Ritchie J considered the drafting of the statement was “poor practice and primae facie unreasonable or negligent”, noting that solicitors have a duty to check information and not mislead the court, but there was no evidence the solicitor who drafted the statement was aware of the conflict between the statement and the objective facts. If they had been, they would have been in breach of their duty to the court. Given that privilege had not been waived, it was impossible to scrutinise this further. In any event, Ritchie J was unable to see how this potential breach could have caused wasted costs. What it had done was provide the Defendant with “a large stick with which to beat the Claimant” and beat her they had, very effectively, at  trial. 

Finally, it was alleged that HJ ought to have terminated their retainer with the Claimant when it became clear that she had been dishonest (which they could have done under the terms of their CFA).

Ritchie J did not agree, stating that: “the fact that [HJ] was brave enough not to "dump" the Claimant speaks of the firm's humanity and bravery, not of their negligence or unreasonableness”.

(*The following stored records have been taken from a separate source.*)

(* For every ensemble $\mathcal{E}=\{\eta_{i},\rho_{i}\}_{i\in\mathbb{N}_{n}}$, $p_{\sf G}(\mathcal{E})\ge \lambda/n$, where $\lambda$ is the smallest nonzero eigenvalue of $\rho_0=\sum_{i}\eta_i\rho_i$.
   Context: $\mathbb{N}_{n}=\{1,\ldots,n\}$. $\mathcal{H}$ is a finite-dimensional complex Hilbert space, $\mathbb{H}_{+}$ the positive-semidefinite operators on it, $\mathbbm{1}$ the identity. An ensemble $\mathcal{E}=\{\eta_{i},\rho_{i}\}_{i\in\mathbb{N}_{n}}$: density operators $\rho_i$ with probabilities $\eta_i>0$, $\sum_i\eta_i=1$. A measurement is $\{M_{?}\}\cup\{M_{i}\}_{i\in\mathbb{N}_{n}}\subseteq\mathbb{H}_+$ with $M_?+\sum_iM_i=\mathbbm{1}$. $\mathcal{C}_{x}(\mathcal{E})$ is the maximum of $\eta_{x}\Tr(\rho_{x}M_{x})/\Tr(\rho_{0}M_{x})$ over measurements with $\Tr(\rho_{0}M_{x})>0$. $\mathbb{M}_{i}(\mathcal{E})=\{E\in\mathbb{H}_{+}\mid\Tr[(\mathcal{C}_{i}(\mathcal{E})\rho_{0}-\eta_{i}\rho_{i})E]=0\}$; $\mathbb{M}(\mathcal{E})$ is the set of measurements with $M_i\in\mathbb{M}_i(\mathcal{E})$ for all $i$ (maximum-confidence measurements). $p_{\sf G}(\mathcal{E})=\max_{\mathcal{M}\in\mathbb{M}(\mathcal{E})}\sum_{i}\eta_{i}\Tr(\rho_{i}M_{i})$. *)

theory Defs
  imports Complex_Main "Jordan_Normal_Form.Char_Poly"
begin

text \<open>Operators on the d-dimensional complex Hilbert space are d x d complex matrices
  (type complex mat, with carrier_mat d d).  Ensembles are indexed by 1..n.\<close>

definition trace_op :: "complex mat \<Rightarrow> complex" where
  "trace_op A = (\<Sum>j<dim_row A. A $$ (j, j))"

definition hermitian_op :: "nat \<Rightarrow> complex mat \<Rightarrow> bool" where
  "hermitian_op d A \<longleftrightarrow> A \<in> carrier_mat d d \<and>
     (\<forall>j<d. \<forall>k<d. A $$ (k, j) = cnj (A $$ (j, k)))"

definition psd_op :: "nat \<Rightarrow> complex mat \<Rightarrow> bool" where
  "psd_op d A \<longleftrightarrow> hermitian_op d A \<and>
     (\<forall>v \<in> carrier_vec d. Im (conjugate v \<bullet> (A *\<^sub>v v)) = 0 \<and> Re (conjugate v \<bullet> (A *\<^sub>v v)) \<ge> 0)"

definition density_op :: "nat \<Rightarrow> complex mat \<Rightarrow> bool" where
  "density_op d \<rho> \<longleftrightarrow> psd_op d \<rho> \<and> trace_op \<rho> = 1"

definition ensemble :: "nat \<Rightarrow> nat \<Rightarrow> (nat \<Rightarrow> real) \<Rightarrow> (nat \<Rightarrow> complex mat) \<Rightarrow> bool" where
  "ensemble d n \<eta> \<rho> \<longleftrightarrow> (\<forall>i\<in>{1..n}. \<eta> i > 0 \<and> density_op d (\<rho> i)) \<and> (\<Sum>i=1..n. \<eta> i) = 1"

definition rho0 :: "nat \<Rightarrow> nat \<Rightarrow> (nat \<Rightarrow> real) \<Rightarrow> (nat \<Rightarrow> complex mat) \<Rightarrow> complex mat" where
  "rho0 d n \<eta> \<rho> = mat d d (\<lambda>(j, k). \<Sum>i=1..n. complex_of_real (\<eta> i) * \<rho> i $$ (j, k))"

text \<open>A measurement {M_?} \<union> {M_i}_{i in 1..n}: Mq is the inconclusive element M_?.\<close>
definition measurement :: "nat \<Rightarrow> nat \<Rightarrow> complex mat \<Rightarrow> (nat \<Rightarrow> complex mat) \<Rightarrow> bool" where
  "measurement d n Mq M \<longleftrightarrow> psd_op d Mq \<and> (\<forall>i\<in>{1..n}. psd_op d (M i)) \<and>
     (\<forall>j<d. \<forall>k<d. Mq $$ (j, k) + (\<Sum>i=1..n. M i $$ (j, k)) = (1\<^sub>m d :: complex mat) $$ (j, k))"

text \<open>Tr(A B) as a real number (it is real for positive semidefinite A, B).\<close>
definition tr_re :: "complex mat \<Rightarrow> complex mat \<Rightarrow> real" where
  "tr_re A B = Re (trace_op (A * B))"

text \<open>C_x(E): the maximum (= supremum, it is attained) confidence for outcome x.\<close>
definition conf :: "nat \<Rightarrow> nat \<Rightarrow> (nat \<Rightarrow> real) \<Rightarrow> (nat \<Rightarrow> complex mat) \<Rightarrow> nat \<Rightarrow> real" where
  "conf d n \<eta> \<rho> x = Sup {\<eta> x * tr_re (\<rho> x) (M x) / tr_re (rho0 d n \<eta> \<rho>) (M x) | Mq M.
      measurement d n Mq M \<and> tr_re (rho0 d n \<eta> \<rho>) (M x) > 0}"

definition MC_set :: "nat \<Rightarrow> nat \<Rightarrow> (nat \<Rightarrow> real) \<Rightarrow> (nat \<Rightarrow> complex mat) \<Rightarrow> nat \<Rightarrow> complex mat set" where
  "MC_set d n \<eta> \<rho> i = {E. psd_op d E \<and>
     trace_op ((complex_of_real (conf d n \<eta> \<rho> i) \<cdot>\<^sub>m rho0 d n \<eta> \<rho> - complex_of_real (\<eta> i) \<cdot>\<^sub>m \<rho> i) * E) = 0}"

definition MC_measurement :: "nat \<Rightarrow> nat \<Rightarrow> (nat \<Rightarrow> real) \<Rightarrow> (nat \<Rightarrow> complex mat) \<Rightarrow> complex mat \<Rightarrow> (nat \<Rightarrow> complex mat) \<Rightarrow> bool" where
  "MC_measurement d n \<eta> \<rho> Mq M \<longleftrightarrow> measurement d n Mq M \<and> (\<forall>i\<in>{1..n}. M i \<in> MC_set d n \<eta> \<rho> i)"

text \<open>p_G(E): maximum (= supremum, it is attained) success probability over M(E).\<close>
definition pG :: "nat \<Rightarrow> nat \<Rightarrow> (nat \<Rightarrow> real) \<Rightarrow> (nat \<Rightarrow> complex mat) \<Rightarrow> real" where
  "pG d n \<eta> \<rho> = Sup {(\<Sum>i=1..n. \<eta> i * tr_re (\<rho> i) (M i)) | Mq M. MC_measurement d n \<eta> \<rho> Mq M}"

end

theory Submission
  imports Defs "Jordan_Normal_Form.Spectral_Radius"
begin

text \<open>Let \<open>R = \<rho>\<^sub>0\<close>.  The kernel of \<open>R\<close> lies in the kernel of every \<open>\<rho>\<^sub>i\<close>, so the
  largest eigenvalue \<open>\<kappa>\<^sub>i\<close> of \<open>R\<^sup>-\<^sup>1\<^sup>/\<^sup>2 \<rho>\<^sub>i R\<^sup>-\<^sup>1\<^sup>/\<^sup>2\<close> (on the support of \<open>R\<close>) is the maximum of
  \<open>\<langle>v, \<rho>\<^sub>i v\<rangle> / \<langle>v, R v\<rangle>\<close>, attained at \<open>u\<^sub>i = R\<^sup>-\<^sup>1\<^sup>/\<^sup>2 w\<^sub>i\<close> for a unit eigenvector \<open>w\<^sub>i\<close>.  Hence the
  maximum confidence is \<open>\<eta>\<^sub>i \<kappa>\<^sub>i\<close> and every positive multiple of \<open>u\<^sub>i u\<^sub>i\<^sup>*\<close> is a
  maximum-confidence element; comparing traces gives \<open>\<kappa>\<^sub>i \<ge> 1\<close>, and the smallest nonzero
  eigenvalue \<open>lam\<close> of \<open>R\<close> bounds \<open>\<parallel>u\<^sub>i\<parallel>\<^sup>2 \<le> 1 / lam\<close>.  The elements
  \<open>M\<^sub>i = u\<^sub>i u\<^sub>i\<^sup>* / (n \<parallel>u\<^sub>i\<parallel>\<^sup>2)\<close> therefore form a maximum-confidence measurement whose success
  probability \<open>\<Sum>\<^sub>i \<eta>\<^sub>i \<kappa>\<^sub>i / (n \<parallel>u\<^sub>i\<parallel>\<^sup>2)\<close> is at least \<open>\<Sum>\<^sub>i \<eta>\<^sub>i lam / n = lam / n\<close>.\<close>

subsection \<open>The standard inner product\<close>

definition cinner :: "nat \<Rightarrow> complex vec \<Rightarrow> complex vec \<Rightarrow> complex" where
  "cinner d x y = (\<Sum>i<d. cnj (x $ i) * y $ i)"

definition vec_lincomb :: "nat \<Rightarrow> nat \<Rightarrow> (nat \<Rightarrow> complex) \<Rightarrow> (nat \<Rightarrow> complex vec) \<Rightarrow> complex vec" where
  "vec_lincomb d k c v = vec d (\<lambda>i. \<Sum>j<k. c j * v j $ i)"

lemma cnj_mult_self: "cnj z * z = complex_of_real ((cmod z)\<^sup>2)"
  by (metis complex_norm_square mult.commute)

lemma mult_cnj_self: "z * cnj z = complex_of_real ((cmod z)\<^sup>2)"
  by (rule complex_norm_square[symmetric])

lemma sum_lessThan_delta:
  assumes "l < (k::nat)"
  shows "(\<Sum>j<k. f j * (if l = j then 1 else 0)) = (f l :: 'a :: comm_ring_1)"
proof -
  have "(\<Sum>j<k. f j * (if l = j then 1 else 0)) = (\<Sum>j<k. if j = l then f j else 0)"
    by (rule sum.cong) auto
  with assms show ?thesis by simp
qed

lemma vec_lincomb_carrier [simp]: "vec_lincomb d k c v \<in> carrier_vec d"
  and dim_vec_lincomb [simp]: "dim_vec (vec_lincomb d k c v) = d"
  unfolding vec_lincomb_def by simp_all

lemma vec_lincomb_index: "i < d \<Longrightarrow> vec_lincomb d k c v $ i = (\<Sum>j<k. c j * v j $ i)"
  unfolding vec_lincomb_def by simp

lemma cnj_cinner: "cnj (cinner d x y) = cinner d y x"
  unfolding cinner_def by (simp add: mult.commute)

lemma cinner_mult_cnj: "cinner d x y * cinner d y x = of_real ((cmod (cinner d x y))\<^sup>2)"
  by (metis cnj_cinner mult_cnj_self)

lemma cinner_zero_left [simp]: "cinner d (0\<^sub>v d) y = 0"
  and cinner_zero_right [simp]: "cinner d x (0\<^sub>v d) = 0"
  unfolding cinner_def by simp_all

He also highlighted the potentially negative impact on access to justice if solicitors were exposed to a wasted costs orders for continuing to represent clients accused of fundamental dishonesty.

Ritchie J also appears to have been unimpressed with the presentation of the Defendant’s case. The allegations were insufficiently particularised (“I do not consider that the broad allegations of negligence raised fit well within the summary wasted costs order jurisdiction”), the costs of pursuing the likely wasted costs (which the Defendant had failed to particularise) were disproportionate, and there was a basic failure to provide evidence of causation in relation to any of the accusations.

Conclusion

The court's meticulous approach to assessing the allegations against HJ illustrates the challenge any Defendant will face when seeking a wasted costs order in such circumstances.  Allegations need to be focussed and evidence supporting causation will need to be adduced. Defendants will also need to have regard to proportionality when considering whether to make an application.

Ritchie J's judgment reinforces the principle that legal representatives should not be penalised for continuing to represent clients, even in challenging circumstances, provided their conduct does not cross the line into impropriety or negligence. The duty not to mislead the court ought always to be at the forefront of their minds.  Although the Defendant failed in this case, it is perhaps a warning shot to Claimant’s solicitors who find themselves in possession of evidence demonstrating unequivocally that their client is lying.

The sanction for fundamental dishonesty is that the dishonest Claimant is deprived of damages and their solicitors are unable to recover costs, potentially having to pay the disbursements themselves because LEI insurers may refuse to indemnify. Attempting to go beyond that, and fix the Claimant’s solicitors with personal liability for costs, whilst not impossible, will require extremely clear and cogent evidence.